Once the line with "(Suc m) = qpoch" is found in the data, output it and each following line exactly, up to and including the line with "by (metis norm_one norm_power)", and nothing before or after.

[Data extract — start]

lemma ginv_le_iff:
  assumes "is_cdf G" "0 < p" "p < 1"
  shows "ginv G p \<le> y \<longleftrightarrow> p \<le> G y"
proof
  assume "ginv G p \<le> y"
  then show "p \<le> G y"
    using le_cdf_ginv[OF assms] assms(1) by (auto simp: is_cdf_def dest: monoD)
next
  assume "p \<le> G y"
  then show "ginv G p \<le> y"
    unfolding ginv_def using bdd_below_cdf_superlevel[OF assms(1,2)] by (auto intro: cInf_lower)
qed

lemma cdf_ginv_eq:
  assumes "is_cdf G" "0 < p" "p < 1" "isCont G (ginv G p)"
  shows "G (ginv G p) = p"
proof -
  have "eventually (\<lambda>t. t < ginv G p) (at_left (ginv G p))"
    by (simp add: eventually_at_filter)
  then have "eventually (\<lambda>t. G t \<le> p) (at_left (ginv G p))"
  proof eventually_elim
    case (elim t)
    then show ?case using ginv_le_iff[OF assms(1-3), of t] by linarith
  qed
  moreover have "(G \<longlongrightarrow> G (ginv G p)) (at_left (ginv G p))"
    using assms(4) by (simp add: filterlim_at_split isCont_def)
  ultimately have "G (ginv G p) \<le> p"
    using tendsto_upperbound trivial_limit_at_left_real by blast
  with le_cdf_ginv[OF assms(1-3)] show ?thesis by simp
qed

lemma ginv_perturb:
  fixes F G :: "real \<Rightarrow> real"
  assumes "mono F" and "F q = \<beta>" and "\<beta> + h/Mb \<le> F (q + h)" and "F (q - h) \<le> \<beta> - h/Mb"
    and "\<And>y. \<bar>G y - F y\<bar> \<le> e" and "\<bar>p - \<beta>\<bar> + e < h/Mb"
  shows "\<bar>ginv G p - q\<bar> \<le> h"
proof -
  let ?S = "{y. p \<le> G y}"
  have in_S: "q + h \<in> ?S"
    using assms(5)[of "q + h"] assms(3,6) by (auto simp: abs_le_iff)
  have lower: "q - h \<le> y" if "y \<in> ?S" for y
  proof (rule ccontr)
    assume "\<not> q - h \<le> y"
    then have "F y \<le> F (q - h)" using monoD[OF assms(1)] by auto
    then show False using that assms(5)[of y] assms(4,6) by (auto simp: abs_le_iff)
  qed
  have "Inf ?S \<le> q + h"
    using in_S lower by (intro cInf_lower) (auto simp: bdd_below_def)
  moreover have "q - h \<le> Inf ?S"
    using in_S lower by (intro cInf_greatest) auto
  ultimately show ?thesis by (simp add: ginv_def abs_le_iff)
qed

lemma increment_ge_of_deriv_ge:
  fixes F :: "real \<Rightarrow> real"
  assumes "\<And>y. F differentiable at y" and "\<And>y. a < y \<Longrightarrow> y < b \<Longrightarrow> m \<le> deriv F y"
    and "a \<le> b"
  shows "F a + (b - a) * m \<le> F b"
proof (cases "a = b")
  case False
  then obtain z where z: "a < z" "z < b" and mvt: "F b - F a = (b - a) * deriv F z"
    using MVT2[of a b F "deriv F"] assms(1,3) DERIV_deriv_iff_real_differentiable by force
  have "(b - a) * m \<le> (b - a) * deriv F z"
    using assms(2)[OF z] assms(3) by (intro mult_left_mono) auto
  then show ?thesis using mvt by simp
qed simp

section \<open>Empirical quantiles\<close>

lemma card_le_lt_of_lt_emp_quantile:
  assumes "finite I" "I \<noteq> {}" "0 < \<beta>" "s < emp_quantile \<beta> I t"
  shows "real (card {i\<in>I. t i \<le> s}) < \<beta> * card I"
proof (rule ccontr)
  let ?S = "{s. \<beta> * real (card I) \<le> real (card {i\<in>I. t i \<le> s})}"
  assume "\<not> ?thesis"
  then have "s \<in> ?S" by simp
  moreover have "Min (t ` I) \<le> s'" if "s' \<in> ?S" for s'
  proof -
    have "0 < \<beta> * card I" using assms by (simp add: card_gt_0_iff)
    then have "0 < real (card {i\<in>I. t i \<le> s'})" using that by simp
    then obtain i where "i \<in> I" "t i \<le> s'"
      by (metis (mono_tags, lifting) card.empty empty_Collect_eq less_irrefl of_nat_0)
    then show ?thesis using assms(1) by (auto intro: Min_le_iff[THEN iffD2])
  qed
  then have "bdd_below ?S" by (auto simp: bdd_below_def)
  ultimately have "Inf ?S \<le> s" by (rule cInf_lower)
  then show False using assms(4) by (simp add: emp_quantile_def)
qed

lemma card_le_ge_of_emp_quantile_lt:
  assumes "finite I" "\<beta> \<le> 1" "emp_quantile \<beta> I t < s"
  shows "\<beta> * card I \<le> real (card {i\<in>I. t i \<le> s})"
proof -
  define S where "S = {s. \<beta> * real (card I) \<le> real (card {i\<in>I. t i \<le> s})}"
  have "t i \<le> Max (t ` I)" if "i \<in> I" for i
    using assms(1) that by (intro Max_ge) auto
  then have "{i\<in>I. t i \<le> Max (t ` I)} = I" by blast
  moreover have "\<beta> * card I \<le> real (card I)"
    using assms(2) mult_right_mono[of \<beta> 1 "real (card I)"] by simp
  ultimately have "Max (t ` I) \<in> S" by (simp add: S_def)
  then have "S \<noteq> {}" by blast
  then obtain s' where "s' \<in> S" "s' < s"
    using cInf_lessD[of S s] assms(3) unfolding emp_quantile_def S_def by blast
  moreover have "card {i\<in>I. t i \<le> s'} \<le> card {i\<in>I. t i \<le> s}"
    using \<open>s' < s\<close> assms(1) by (intro card_mono) auto
  ultimately show ?thesis by (simp add: S_def)
qed
theorem lemma4p5:
  shows "terminating {r0, r1, r2} TYPE(('v, 'e) graph) \<and>
         (\<forall>(f :: nat \<Rightarrow> ('v, 'e) graph) n.
            tlrg (f 0) \<and> (\<forall>i<n. step {r0, r1, r2} (f i) (f (Suc i)))
            \<longrightarrow> n \<le> 2 * card (nodes (f 0)))"
proof -
  have "\<not> (\<forall>i. step {r0, r1, r2} (f i) (f (Suc i)))" for f :: "nat \<Rightarrow> ('v, 'e) graph"
  proof
    assume steps: "\<forall>i. step {r0, r1, r2} (f i) (f (Suc i))"
    then have "tlrg (f 0)" unfolding step_def direct_derivation_def by blast
    then have "Suc (2 * card (nodes (f 0))) \<le> 2 * card (nodes (f 0))"
      using steps by (intro derivation_length_bound) auto
    then show False by simp
  qed
  then show ?thesis
    unfolding terminating_def using derivation_length_bound by blast
qed

end
lemma theta_sum_half_period_zero: "theta_sum K (K + of_real pi * \<i>) = 0"
proof -
  have "theta_sum K (K + of_real pi * \<i>) = theta_sum K ((K - of_real pi * \<i>) + 2 * of_real pi * \<i>)"
    by (simp add: algebra_simps)
  also have "\<dots> = theta_sum K (2 * K - (K + of_real pi * \<i>))"
    by (simp only: theta_sum_add_2pi) (simp add: algebra_simps)
  also have "\<dots> = - theta_sum K (K + of_real pi * \<i>)"
    unfolding theta_sum_reflect by simp
  finally show ?thesis
    by simp
qed

lemma theta_half_period_identity:
  assumes L: "Re L < 0"
  defines "T \<equiv> theta_sum (3 * L) (L + of_real pi * \<i>)"
    and "D \<equiv> theta_dsum (3 * L) (L + of_real pi * \<i>)"
  shows "T^2 * (T + 6 * D) = theta_dsum L (L + of_real pi * \<i>) * hex_sum L"
proof -
  define M where "M = L + of_real pi * \<i>"
  have K: "Re (3 * L) < 0"
    using L by simp
  have TM: "T = theta_sum (3 * L) M" and DM: "D = theta_dsum (3 * L) M"
    by (simp_all add: T_def D_def M_def)
  have reflect: "M + 4 * L = 2 * (3 * L) - M + 2 * of_real pi * \<i>"
    by (simp add: M_def algebra_simps)
  have e: "exp (M - 3 * L) = - exp (-2 * L)"
    by (simp add: M_def exp_diff exp_add exp_minus field_simps flip: exp_add)
  have T1: "theta_sum (3 * L) (M + 2 * L) = 0"
    using theta_sum_half_period_zero[of "3 * L"] by (simp add: M_def algebra_simps)
  have T2: "theta_sum (3 * L) (M + 4 * L) = - exp (-2 * L) * T"
    unfolding reflect theta_sum_add_2pi theta_sum_reflect e TM ..
  have D2: "theta_dsum (3 * L) (M + 4 * L) = exp (-2 * L) * (D + T)"
    unfolding reflect theta_dsum_add_2pi theta_dsum_reflect[OF K] e TM DM by simp
  have e6: "exp (4 * L + 2 * M) = exp (6 * L)"
    using exp_add[of "6 * L" "2 * of_real pi * \<i>"] by (simp add: M_def algebra_simps)
  have e3: "exp (6 * L) * exp (-2 * L) ^ 3 = 1"
    by (simp add: exp_add[symmetric] flip: exp_of_nat_mult)
  have "theta_dsum L M * hex_sum L
      = 3 * D * T^2 + exp (6 * L) * (2 * (- exp (-2 * L) * T) ^ 3
          + 3 * (exp (-2 * L) * (D + T)) * (- exp (-2 * L) * T) ^ 2)"
    using theta_dsum_cubic_identity[OF L, of M] by (simp add: T1 T2 D2 e6 TM DM)
  also have "\<dots> = 3 * D * T^2 + (exp (6 * L) * exp (-2 * L) ^ 3) * (3 * (D + T) * T^2 - 2 * T^3)"
    by (simp add: algebra_simps power2_eq_square power3_eq_cube)
  also have "\<dots> = T^2 * (T + 6 * D)"
    unfolding e3 by (simp add: algebra_simps power2_eq_square power3_eq_cube)
  finally show ?thesis
    by (simp add: M_def)
qed

section \<open>The Jacobi triple product, finite form\<close>

text \<open>\<open>qpoch p m\<close> is the \<open>q\<close>-Pochhammer symbol \<open>(p; p)\<^sub>m\<close>; its reciprocal is extended by \<open>0\<close> to
  negative indices, so that the Gaussian binomials hidden in \<open>jtp_coeff\<close> vanish outside
  \<open>-N \<le> j \<le> N\<close>. Then \<open>jtp_coeff x N j\<close> is \<open>x^(j\<^sup>2)\<close> times the Gaussian binomial coefficient
  \<open>[2N, N + j]\<close> in the base \<open>x\<^sup>2\<close>.\<close>

definition qpoch :: "complex \<Rightarrow> nat \<Rightarrow> complex" where
  "qpoch p m = (\<Prod>k = 1..m. 1 - p ^ k)"

definition qpoch_inv :: "complex \<Rightarrow> int \<Rightarrow> complex" where
  "qpoch_inv p m = (if m < 0 then 0 else 1 / qpoch p (nat m))"

definition jtp_coeff :: "complex \<Rightarrow> nat \<Rightarrow> int \<Rightarrow> complex" where
  "jtp_coeff x N j =
     x powi (j^2) * qpoch (x^2) (2 * N) * qpoch_inv (x^2) (int N + j) * qpoch_inv (x^2) (int N - j)"

definition jtp_prod :: "complex \<Rightarrow> complex \<Rightarrow> nat \<Rightarrow> complex" where
  "jtp_prod x y N = (\<Prod>k = 1..N. (1 + x ^ (2 * k - 1) * y) * (1 + x ^ (2 * k - 1) / y))"

lemma jtp_prod_Suc:
  "jtp_prod x y (Suc N) = jtp_prod x y N * ((1 + x ^ (2 * N + 1) * y) * (1 + x ^ (2 * N + 1) / y))"
  by (simp add: jtp_prod_def)

lemma qpoch_0 [simp]: "qpoch p 0 = 1"
  by (simp add: qpoch_def)

lemma qpoch_Suc: "qpoch p (Suc m) = qpoch p m * (1 - p ^ Suc m)"
  by (simp add: qpoch_def)

lemma power_neq_one_if_norm_less:
  fixes p :: "'a::real_normed_div_algebra"
  assumes "norm p < 1" and "0 < k"
  shows "p ^ k \<noteq> 1"
proof
  assume "p ^ k = 1"
  then have "norm p ^ k = 1"
    by (metis norm_one norm_power)
  moreover have "norm p ^ k \<le> norm p ^ 1"
    using assms by (intro power_decreasing) auto
  ultimately show False
    using assms by simp
qed

lemma qpoch_nonzero: "norm p < 1 \<Longrightarrow> qpoch p m \<noteq> 0"
  by (auto simp: qpoch_def prod_zero_iff power_neq_one_if_norm_less)

lemma qpoch_inv_neg [simp]: "m < 0 \<Longrightarrow> qpoch_inv p m = 0"
  by (simp add: qpoch_inv_def)
lemma dissolve_derivative_adjoint: "dissolve_derivative Y G \<bullet> E = G \<bullet> dissolve_derivative Y E"
proof -
  have 1: "(G ** (transpose Y ** Y)) \<bullet> E = G \<bullet> (E ** (transpose Y ** Y))"
    by (simp add: inner_matrix_mult_right matrix_transpose_mul)
  have "(Y ** (transpose G ** Y)) \<bullet> E = (transpose G ** Y) \<bullet> (transpose Y ** E)"
    by (simp add: inner_matrix_mult_left)
  also have "\<dots> = transpose G \<bullet> (transpose Y ** E ** transpose Y)"
    by (simp add: inner_matrix_mult_right)
  also have "\<dots> = G \<bullet> (Y ** (transpose E ** Y))"
    by (metis inner_transpose transpose_transpose matrix_transpose_mul matrix_mul_assoc)
  finally have 2: "(Y ** (transpose G ** Y)) \<bullet> E = G \<bullet> (Y ** (transpose E ** Y))" .
  have 3: "(Y ** (transpose Y ** G)) \<bullet> E = G \<bullet> (Y ** (transpose Y ** E))"
    using inner_matrix_mult_left[of "Y ** transpose Y" G E]
    by (simp add: matrix_transpose_mul matrix_mul_assoc)
  show ?thesis unfolding dissolve_derivative_def
    by (simp add: inner_diff_left inner_add_left inner_diff_right inner_add_right 1 2 3)
qed

lemma has_derivative_dissolve_derivative:
  assumes "(F has_derivative F') (at Y)"
  shows "((\<lambda>Y. dissolve_derivative Y (F Y)) has_derivative
    (\<lambda>E. dissolve_derivative Y (F' E) + dissolve_second_derivative Y E (F Y))) (at Y)"
proof -
  have "((\<lambda>Y. (3/2) *\<^sub>R F Y - (1/2) *\<^sub>R (F Y ** (transpose Y ** Y) + Y ** (transpose (F Y) ** Y)
      + Y ** (transpose Y ** F Y)))
     has_derivative (\<lambda>h. (3/2) *\<^sub>R F' h - (1/2) *\<^sub>R ((F Y ** (transpose Y ** h + transpose h ** Y)
        + F' h ** (transpose Y ** Y)) + (Y ** (transpose (F Y) ** h + transpose (F' h) ** Y)
        + h ** (transpose (F Y) ** Y)) + (Y ** (transpose Y ** F' h + transpose h ** F Y)
        + h ** (transpose Y ** F Y))))) (at Y)"
    by (intro has_derivative_diff has_derivative_scaleR_right has_derivative_add
        has_derivative_matrix_mult has_derivative_transpose has_derivative_ident assms)
  then show ?thesis unfolding dissolve_derivative_def
    by (rule has_derivative_eq_rhs)
       (simp add: fun_eq_iff dissolve_second_derivative_def matrix_simps algebra_simps)
qed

[Data extract — finish]

Written solution =
lemma qpoch_Suc: "qpoch p (Suc m) = qpoch p m * (1 - p ^ Suc m)"
  by (simp add: qpoch_def)

lemma power_neq_one_if_norm_less:
  fixes p :: "'a::real_normed_div_algebra"
  assumes "norm p < 1" and "0 < k"
  shows "p ^ k \<noteq> 1"
proof
  assume "p ^ k = 1"
  then have "norm p ^ k = 1"
    by (metis norm_one norm_power)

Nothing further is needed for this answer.